Pages

Friday, October 26, 2012

[InterviewStreet Problem] Find Strings

Update
The mistake was in counting the number of children. I have now passed all but two test cases, which probably require that I implement the Suffix Tree using lists instead of arrays.
----------------------------------------------------------------------------------------------------------------------------

So I have been trying to solve problems under the "Strings" section in InterviewStreet. Find Strings is one of those questions and I am here to discuss a possible strategy to solve the problem. I'd like to make it clear from the beginning that my own solution has not been accepted yet, but I am unable to see the flaw in the approach and am expecting someone to point it out.

So, the question requires us to find the number of unique substrings in a given set of strings. At first I thought as the question unfolds and since I use C++ for most problems, I was thinking in terms of the available data structures in STL. So, at first I thought of storing the unique substrings (of the order of the square of the length of the string) in a 'set'. The set takes care of the uniqueness, but the problem arises if I try to find the 'k-th' smallest string. This would take really long, for each query.

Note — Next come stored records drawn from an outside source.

lemma lifting_cluster_point:
  fixes f :: "'a::metric_space \<Rightarrow> 'b::metric_space" and \<alpha> :: "real \<Rightarrow> 'a"
  assumes K: "compact K" "K \<subseteq> D" and "open D" and f: "continuous_on D f"
    and g: "continuous_on {a..c} g" and lift: "\<forall>t\<in>{a..<c}. f (\<alpha> t) = g t" and "\<alpha> ` {a..<c} \<subseteq> K"
    and w: "\<forall>n. w n \<in> {a..<c}" "w \<longlonglongrightarrow> c"
  shows "\<exists>q\<in>K. \<exists>r. strict_mono r \<and> (\<lambda>n. \<alpha> (w (r n))) \<longlonglongrightarrow> q \<and> f q = g c"
proof -
  have "\<forall>n. \<alpha> (w n) \<in> K" using w \<open>\<alpha> ` {a..<c} \<subseteq> K\<close> by auto
  then obtain q r where q: "q \<in> K" "strict_mono r" "((\<lambda>n. \<alpha> (w n)) \<circ> r) \<longlonglongrightarrow> q"
    by (rule seq_compactE[OF compact_imp_seq_compact[OF K(1)]])
  then have q3: "(\<lambda>n. \<alpha> (w (r n))) \<longlonglongrightarrow> q" by (simp add: o_def)
  have "isCont f q" using f \<open>open D\<close> q(1) K(2) by (auto simp: continuous_on_eq_continuous_at)
  then have "(\<lambda>n. f (\<alpha> (w (r n)))) \<longlonglongrightarrow> f q"
    using q3 isCont_tendsto_compose by blast
  moreover have "(\<lambda>n. g (w (r n))) \<longlonglongrightarrow> g c"
  proof (rule continuous_on_tendsto_compose[OF g])
    show "(\<lambda>n. w (r n)) \<longlonglongrightarrow> c" using LIMSEQ_subseq_LIMSEQ[OF w(2) q(2)] by (simp add: o_def)
    show "\<forall>\<^sub>F n in sequentially. w (r n) \<in> {a..c}" using w(1) by (simp add: less_imp_le)
  qed (use w(1) in \<open>auto intro: less_imp_le\<close>)
  moreover have "(\<lambda>n. f (\<alpha> (w (r n)))) = (\<lambda>n. g (w (r n)))" using lift w(1) by auto
  ultimately have "f q = g c" using LIMSEQ_unique by metis
  then show ?thesis using q(1,2) q3 by blast
qed

lemma frequently_at_left_dist_eq:
  fixes \<alpha> :: "real \<Rightarrow> 'a::metric_space"
  assumes cont: "continuous_on {a..<c} \<alpha>"
    and far: "\<And>y. y < c \<Longrightarrow> \<exists>z. y < z \<and> z < c \<and> h < dist (\<alpha> z) p"
    and near: "\<And>y. y < c \<Longrightarrow> \<exists>z. y < z \<and> z < c \<and> dist (\<alpha> z) p < h"
    and y: "a \<le> y" "y < c"
  shows "\<exists>w. y < w \<and> w < c \<and> dist (\<alpha> w) p = h"
proof -
  obtain z1 where z1: "y < z1" "z1 < c" "h < dist (\<alpha> z1) p" using far y(2) by blast
  obtain z2 where z2: "z1 < z2" "z2 < c" "dist (\<alpha> z2) p < h" using near z1(2) by blast
  have "continuous_on {z1..z2} (\<lambda>t. dist (\<alpha> t) p)"
    by (intro continuous_intros continuous_on_subset[OF cont]) (use y z1 z2 in auto)
  then obtain w where "z1 \<le> w" "w \<le> z2" "dist (\<alpha> w) p = h"
    using IVT2'[of "\<lambda>t. dist (\<alpha> t) p" z2 h z1] z1 z2 by force
  then show ?thesis using z1 z2 by (intro exI[of _ w]) auto
qed

lemma sphere_crossings_if_not_tendsto_at_left:
  fixes \<alpha> :: "real \<Rightarrow> 'a::metric_space"
  assumes "a < c" and cont: "continuous_on {a..<c} \<alpha>"
    and u: "\<forall>n. u n \<in> {a..<c}" "u \<longlonglongrightarrow> c" "(\<lambda>n. \<alpha> (u n)) \<longlonglongrightarrow> p"
    and not_tendsto: "\<not> (\<alpha> \<longlongrightarrow> p) (at_left c)" and "0 < r"
  shows "\<exists>h w. 0 < h \<and> h < r \<and> (\<forall>n. w n \<in> {a..<c} \<and> dist (\<alpha> (w n)) p = h) \<and> w \<longlonglongrightarrow> c"
proof -
  obtain e where "e > 0" and not_close: "\<not> eventually (\<lambda>x. dist (\<alpha> x) p < e) (at_left c)"
    using not_tendsto unfolding tendsto_iff by blast
  define h where "h = min e r / 2"
  have h: "0 < h" "h < e" "h < r" using \<open>e > 0\<close> \<open>0 < r\<close> by (auto simp: h_def)
  have far: "\<exists>z. y < z \<and> z < c \<and> h < dist (\<alpha> z) p" if y: "y < c" for y
  proof -
    obtain z where "y < z" "z < c" "\<not> dist (\<alpha> z) p < e"
      using not_close y unfolding eventually_at_left_field by blast
    then show ?thesis using h(2) by (intro exI[of _ z]) auto
  qed
  have near: "\<exists>z. y < z \<and> z < c \<and> dist (\<alpha> z) p < h" if "y < c" for y
  proof -
    have "eventually (\<lambda>n. y < u n) sequentially"
      using order_tendstoD(1)[OF u(2) that] .
    moreover have "eventually (\<lambda>n. dist (\<alpha> (u n)) p < h) sequentially"
      by (rule tendstoD[OF u(3) h(1)])
    ultimately have "eventually (\<lambda>n. y < u n \<and> dist (\<alpha> (u n)) p < h) sequentially"
      by (rule eventually_conj)
    then obtain n where "y < u n" "dist (\<alpha> (u n)) p < h"
      by (auto simp: eventually_sequentially)
    then show ?thesis using u(1)[rule_format, of n] by (intro exI[of _ "u n"]) auto
  qed
  show ?thesis
    using left_sequence_from_frequently[OF \<open>a < c\<close> frequently_at_left_dist_eq[OF cont far near]] h
    by blast
qed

So, the things that led me to another solution were the following realizations :-
  • First solution takes too long inserting each string
  • Insertion of the substrings of a string like "aab", will require steps to insert each of {a, aa, aab, ab, b}, i.e. 5 different insertion steps. Here, I thought if I could simply mark {a,aa} as unique substrings as well when inserting aab
  • Searching for a string in a set (when checking for uniqueness) requires comparison of almost the entire string even if a similar string has already been compared with. For instance, in a set of {abc, abe}, I am checking if "abd" exists, then I would need to carry out 6 comparisons (between characters). This wastes the earlier learnt lesson that the first two characters are 'ab'.
These things led me to think in terms of tries and consequently I related that it is possible find substrings of a string in its Suffix Tree. A suffix tree is, basically, a trie of suffixes of a string. So, if I create one suffix tree as the set of the unique substrings, I have the following advantage :-
  •  I have to insert only the m suffixes of a string of length m. This reduces the number of insertions to linear from quadratic in the previous algorithm.
  • While checking if the string to be inserted is already present in the set, I need only O(d) comparisons, where d is the length of the string to be inserted.
  • While checking for the k-th smallest string (lexicographically), I can make use of the information about the number of children of a node (not the number of leaves it leads). The number of children of a node can be related to the number of unique "substrings" (not suffixes, which is given by the number of leaves). 

So, eventually, I ended up coding up a SuffixTree and the solution I submitted can be found below (or follow this link). But again, this solution has been able to pass only one of the test cases. So, either there's some serious flaw with the approach or I've failed to code what I had in mind. 


I'd be glad to hear suggestions for improvements in the algorithm or the code.